In [1]:
import pandas as pd
import numpy as np
import glob
import matplotlib.pylab as plt
from pyspark import SparkContext, SparkConf
from pyspark.sql import SQLContext, Row
from pyspark.sql.types import StructType, StructField, IntegerType, TimestampType, DoubleType, StringType, LongType
from pyspark.sql.functions import to_utc_timestamp, unix_timestamp, from_unixtime
%matplotlib inline

Spark must load the JARs that contain the Pravega Hadoop Connector, Pravega Client, and UTF8StringSerializer.

In [2]:
conf = SparkConf()
conf.set("spark.jars", "/notebooks/work/iiotdemo-sparkprocessor-0.2.0-SNAPSHOT-all.jar")
conf.setMaster('local[2]')

<pyspark.conf.SparkConf at 0x7f1f20fd8cc0>

In [3]:
sc = SparkContext.getOrCreate(conf=conf)
sql_sc = SQLContext(sc)

Create an RDD of strings from JSON events in a Pravega stream.

In [15]:
rdd = sc.newAPIHadoopRDD(
    inputFormatClass='io.pravega.connectors.hadoop.PravegaInputFormat',
    keyClass='io.pravega.connectors.hadoop.EventKey',
    valueClass='java.lang.String',
    conf={
        'pravega.scope': 'iot1',
        'pravega.stream': 'data',
        'pravega.uri': 'tcp://10.246.21.230:9090',
        'pravega.deserializer': 'io.pravega.example.iiotdemo.sparkprocessor.UTF8StringSerializer',
    },
)

Read Pravega events without specifying a schema.

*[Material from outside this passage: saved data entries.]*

lemma rooted_caterpillar_imp_caterpillar:
  assumes "rooted_caterpillar t"
  shows "caterpillar t"
proof (cases t)
  case (Node l r)
  show ?thesis
    unfolding caterpillar_def
  proof (intro ballI impI)
    fix v
    assume v: "v \<in> uverts t" "label_at t v = None"
    then have "v \<in> positions t" "v \<noteq> []"
      using Node by auto
    with assms v(2) obtain b where b: "v @ [b] \<in> positions t" "label_at t (v @ [b]) \<noteq> None"
      using rooted_caterpillar_leaf_child by blast
    have "{v @ [b], v} \<in> uedges t" "v @ [b] \<in> uverts t"
      using Node b \<open>v \<noteq> []\<close> by (auto simp: doubleton_in_redges_iff)
    with b(2) show "\<exists>u\<in>uverts t. {u, v} \<in> uedges t \<and> label_at t u \<noteq> None"
      by blast
  qed
qed (simp add: caterpillar_def)

lemma rooted_caterpillar_right_comb: "xs \<noteq> [] \<Longrightarrow> rooted_caterpillar (right_comb xs)"
  by (induction xs rule: right_comb.induct) auto

lemma rooted_caterpillar_left_comb: "xs \<noteq> [] \<Longrightarrow> rooted_caterpillar (left_comb xs)"
proof (induction xs rule: rev_induct)
  case (snoc y ys)
  then show ?case
    by (cases "ys = []") (simp_all add: left_comb_snoc)
qed simp

lemma restrict_eq_None_iff: "restrict A t = None \<longleftrightarrow> filter (\<lambda>x. x \<in> A) (Seq t) = []"
  by (induction t) (auto split: option.splits)

lemma restrict_eq_Leaf:
  "filter (\<lambda>x. x \<in> A) (Seq t) = [a] \<Longrightarrow> restrict A t = Some (Leaf a)"
proof (induction t)
  case (Node l r)
  then have "filter (\<lambda>x. x \<in> A) (Seq l) = [] \<and> filter (\<lambda>x. x \<in> A) (Seq r) = [a] \<or>
             filter (\<lambda>x. x \<in> A) (Seq l) = [a] \<and> filter (\<lambda>x. x \<in> A) (Seq r) = []"
    by (auto simp: append_eq_Cons_conv)
  then show ?case
    using Node.IH by (auto simp flip: restrict_eq_None_iff)
qed (auto split: if_splits)

lemma restrict_eq_left_comb:
  assumes "\<forall>Q \<in> set (Qparts t). length (filter (\<lambda>x. x \<in> A) (Seq Q)) \<le> 1"
    and "filter (\<lambda>x. x \<in> A) (Seq t) \<noteq> []"
  shows "restrict A t = Some (left_comb (filter (\<lambda>x. x \<in> A) (Seq t)))"
  using assms
proof (induction t)
  case (Node l r)
  let ?fl = "filter (\<lambda>x. x \<in> A) (Seq l)" and ?fr = "filter (\<lambda>x. x \<in> A) (Seq r)"
  from Node.prems(1) consider "?fr = []" | a where "?fr = [a]"
    by (cases ?fr) auto
  then show ?case
  proof cases
    case 1
    with Node show ?thesis
      by (simp add: restrict_eq_None_iff[THEN iffD2])
  next
    case (2 a)
    with Node show ?thesis
      by (cases "?fl = []")
         (simp_all add: restrict_eq_Leaf left_comb_snoc restrict_eq_None_iff[THEN iffD2])
  qed
qed (auto split: if_splits)

lemma restrict_eq_right_comb:
  assumes "\<forall>R \<in> set (Rparts t). length (filter (\<lambda>x. x \<in> A) (Seq R)) \<le> 1"
    and "filter (\<lambda>x. x \<in> A) (Seq t) \<noteq> []"
  shows "restrict A t = Some (right_comb (filter (\<lambda>x. x \<in> A) (Seq t)))"
  using assms
proof (induction t)
  case (Node l r)
  let ?fl = "filter (\<lambda>x. x \<in> A) (Seq l)" and ?fr = "filter (\<lambda>x. x \<in> A) (Seq r)"
  from Node.prems(1) consider "?fl = []" | a where "?fl = [a]"
    by (cases ?fl) auto
  then show ?case
  proof cases
    case 1
    with Node show ?thesis
      by (simp add: restrict_eq_None_iff[THEN iffD2])
  next
    case (2 a)
    with Node show ?thesis
      by (cases "?fr = []")
         (simp_all add: restrict_eq_Leaf right_comb_Cons restrict_eq_None_iff[THEN iffD2])
  qed
qed (auto split: if_splits)

lemma restrict_unrooted_identical_caterpillars:
  assumes "Seq T1 = Seq T2"
    and "\<forall>Q \<in> set (Qparts T1). length (filter (\<lambda>x. x \<in> A) (Seq Q)) \<le> 1"
    and "\<forall>R \<in> set (Rparts T2). length (filter (\<lambda>x. x \<in> A) (Seq R)) \<le> 1"
    and "filter (\<lambda>x. x \<in> A) (Seq T1) \<noteq> []"
  shows "\<exists>t1 t2. restrict A T1 = Some t1 \<and> restrict A T2 = Some t2 \<and>
           unrooted_identical t1 t2 \<and> caterpillar t1 \<and> caterpillar t2"
proof -
  let ?xs = "filter (\<lambda>x. x \<in> A) (Seq T1)"
  have "restrict A T1 = Some (left_comb ?xs)" "restrict A T2 = Some (right_comb ?xs)"
    using assms by (simp_all add: restrict_eq_left_comb restrict_eq_right_comb)
  with assms(4) show ?thesis
    by (auto intro!: unrooted_identical_left_comb_right_comb rooted_caterpillar_imp_caterpillar
        rooted_caterpillar_left_comb rooted_caterpillar_right_comb)
qed

lemma sublist_Seq_Qparts: "Q \<in> set (Qparts t) \<Longrightarrow> sublist (Seq Q) (Seq t)"
  by (induction t) (auto intro: sublist_order.order.trans[OF _ sublist_append_rightI])

lemma sublist_Seq_Rparts: "R \<in> set (Rparts t) \<Longrightarrow> sublist (Seq R) (Seq t)"
  by (induction t) (auto intro: sublist_order.order.trans[OF _ sublist_append_leftI])

definition stride_sample :: "'a list \<Rightarrow> nat \<Rightarrow> 'a set" where
  "stride_sample S s = (\<lambda>j. S ! (j * s)) ` {j. j * s < length S}"

lemma stride_sample_subset: "stride_sample S s \<subseteq> set S"
  by (auto simp: stride_sample_def)

lemma hd_in_stride_sample: "S \<noteq> [] \<Longrightarrow> hd S \<in> stride_sample S s"
  unfolding stride_sample_def by (rule image_eqI[of _ _ 0]) (auto simp: hd_conv_nth)

lemma card_stride_sample:
  assumes "distinct S" "0 < s"
  shows "real (length S) / real s \<le> real (card (stride_sample S s))"
proof -
  let ?c = "nat \<lceil>real (length S) / real s\<rceil>"
  have "j * s < length S \<longleftrightarrow> j < ?c" for j
  proof -
    have "j * s < length S \<longleftrightarrow> real j < real (length S) / real s"
      using assms(2) by (simp add: less_divide_eq flip: of_nat_mult)
    also have "\<dots> \<longleftrightarrow> j < ?c"
      by (simp add: less_ceiling_iff zless_nat_eq_int_zless)
    finally show ?thesis .
  qed
  then have "{j. j * s < length S} = {..<?c}"
    by auto
  moreover have "inj_on (\<lambda>j. S ! (j * s)) {j. j * s < length S}"
    using assms by (auto intro!: inj_onI simp: nth_eq_iff_index_eq)
  ultimately have "card (stride_sample S s) = ?c"
    by (simp add: stride_sample_def card_image)
  then show ?thesis
    by (simp add: of_nat_ceiling)
qed

lemma nth_in_middle_segment:
  assumes "distinct (p @ m @ q)" "i < length (p @ m @ q)" "(p @ m @ q) ! i \<in> set m"
  shows "length p \<le> i \<and> i < length p + length m"
  using assms by (auto simp: nth_append dest!: nth_mem split: if_splits)

text \<open>A block of at most \<open>s\<close> consecutive positions contains at most one multiple of \<open>s\<close>.\<close>

lemma sublist_meets_stride_sample_at_most_once:
  assumes "distinct S" "sublist m S" "length m \<le> s"
  shows "length (filter (\<lambda>x. x \<in> stride_sample S s) m) \<le> 1"
proof -
  obtain p q where S: "S = p @ m @ q"
    using assms(2) by (auto simp: sublist_def)
  have bounds: "length p \<le> j * s \<and> j * s < length p + length m"
    if "j * s < length S" "S ! (j * s) \<in> set m" for j
    using nth_in_middle_segment[of p m q] assms(1) that S by simp
  have "x = y" if xy: "x \<in> set m \<inter> stride_sample S s" "y \<in> set m \<inter> stride_sample S s" for x y
  proof -
    obtain i j where ij: "i * s < length S" "j * s < length S" "x = S ! (i * s)" "y = S ! (j * s)"
      using xy by (auto simp: stride_sample_def)
    have "i * s < (j + 1) * s" "j * s < (i + 1) * s"
      using bounds[of i] bounds[of j] ij xy assms(3) by auto
    then have "i = j"
      by (simp only: mult_less_cancel2) linarith
    then show "x = y"
      using ij by simp
  qed
  then have "card (set m \<inter> stride_sample S s) \<le> 1"
    by (auto simp: card_le_Suc0_iff_eq)
  moreover have "distinct m"
    using assms(1) S by simp
  ultimately show ?thesis
    by (simp add: distinct_card[symmetric] Int_def set_filter conj_commute)
qed

lemma caterpillar_restriction_of_small_parts:
  assumes "Seq T1 = Seq T2" "distinct (Seq T1)" "0 < s"
    and "\<forall>P \<in> set (Qparts T1) \<union> set (Rparts T2). tsize P \<le> s"
  shows "\<exists>A \<subseteq> set (Seq T1). real (length (Seq T1)) / real s \<le> real (card A) \<and>
           (\<exists>t1 t2. restrict A T1 = Some t1 \<and> restrict A T2 = Some t2 \<and>
                    unrooted_identical t1 t2 \<and> caterpillar t1 \<and> caterpillar t2)"
proof -
  define A where "A = stride_sample (Seq T1) s"
  have "length (filter (\<lambda>x. x \<in> A) (Seq P)) \<le> 1"
    if "P \<in> set (Qparts T1) \<union> set (Rparts T2)" for P
    using that assms sublist_Seq_Qparts[of P T1] sublist_Seq_Rparts[of P T2]
      sublist_meets_stride_sample_at_most_once[OF assms(2)]
    by (auto simp: A_def tsize_def)
  moreover have "filter (\<lambda>x. x \<in> A) (Seq T1) \<noteq> []"
    using hd_in_stride_sample[of "Seq T1" s] Seq_not_Nil[of T1]
    by (auto simp: A_def filter_empty_conv)
  ultimately show ?thesis
    using restrict_unrooted_identical_caterpillars[of T1 T2 A] assms(1)
      card_stride_sample[OF assms(2,3)] stride_sample_subset[of "Seq T1" s]
    by (auto simp: A_def)
qed

theorem lemma2:
  fixes n :: nat and Z :: "'a set" and T1 T2 :: "'a rtree"
  assumes "n \<ge> 2"
    and "finite Z"
    and "is_Z_tree Z T1" and "is_Z_tree Z T2"
    and "Seq T1 = Seq T2"
    and "\<forall>Q \<in> set (Qparts T1). real (tsize Q) < real (card Z) / log 2 (real n)"
    and "\<forall>R \<in> set (Rparts T2). real (tsize R) < real (card Z) / log 2 (real n)"
  shows "\<exists>A \<subseteq> Z. real (card A) \<ge> log 2 (real n) \<and>
           (\<exists>t1 t2. restrict A T1 = Some t1 \<and> restrict A T2 = Some t2 \<and>
                    unrooted_identical t1 t2 \<and> caterpillar t1 \<and> caterpillar t2)"
proof -
  define parts where "parts = set (Qparts T1) \<union> set (Rparts T2)"
  define s where "s = Max (tsize ` parts)"
  have Z: "distinct (Seq T1)" "set (Seq T1) = Z" "card Z = length (Seq T1)"
    using assms(3) by (auto simp: is_Z_tree_def distinct_card)
  have "finite parts" "parts \<noteq> {}"
    unfolding parts_def by (cases T1; simp)+
  then have "s \<in> tsize ` parts"
    unfolding s_def by (intro Max_in) auto
  with assms(6,7) Z(3) have "0 < s" "real s < real (card Z) / log 2 (real n)"
    by (auto simp: parts_def tsize_def Seq_not_Nil)
  moreover have "1 \<le> log 2 (real n)"
    using assms(1) by (simp add: le_log_iff)
  ultimately have log_n: "log 2 (real n) < real (length (Seq T1)) / real s"
    by (simp add: Z(3) field_simps)
  have "\<forall>P \<in> parts. tsize P \<le> s"
    using \<open>finite parts\<close> by (simp add: s_def)
  then obtain A where "A \<subseteq> Z" "real (length (Seq T1)) / real s \<le> real (card A)"
    "\<exists>t1 t2. restrict A T1 = Some t1 \<and> restrict A T2 = Some t2 \<and>
       unrooted_identical t1 t2 \<and> caterpillar t1 \<and> caterpillar t2"
    using caterpillar_restriction_of_small_parts[OF assms(5) Z(1) \<open>0 < s\<close>] Z(2)
    unfolding parts_def by blast
  moreover from log_n this(2) have "log 2 (real n) \<le> real (card A)"
    by linarith
  ultimately show ?thesis
    by blast
qed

This performs two passes on the data.

In [5]:
%%time
df = sql_sc.read.json(rdd.values())
df.show()

+---------+----------+-----------+------------------+-------------+------------------+-----------------+
|device_id|event_type|remote_addr|      temp_celsius|    timestamp|        vibration1|       vibration2|
+---------+----------+-----------+------------------+-------------+------------------+-----------------+
|     0002|      temp|  127.0.0.1|23.447554062011953|1526594516113|              null|             null|
|     0001|      temp|  127.0.0.1| 37.22421743210678|1526594516112|              null|             null|
|     0002| vibration|  127.0.0.1|              null|1526594516113|2965.9755406201193|6031.951081240239|
|     0001| vibration|  127.0.0.1|              null|1526594516112| 3103.742174321068|6307.484348642136|
|     0002|      temp|  127.0.0.1| 23.39155667180122|1526594517127|              null|             null|
|     0002| vibration|  127.0.0.1|              null|1526594517127|2965.4155667180116|6030.831133436023|
|     0001|      temp|  127.0.0.1| 37.14044473638414|15

View the generated schema.

In [6]:
df.schema

StructType(List(StructField(device_id,StringType,true),StructField(event_type,StringType,true),StructField(remote_addr,StringType,true),StructField(temp_celsius,DoubleType,true),StructField(timestamp,LongType,true),StructField(vibration1,DoubleType,true),StructField(vibration2,DoubleType,true)))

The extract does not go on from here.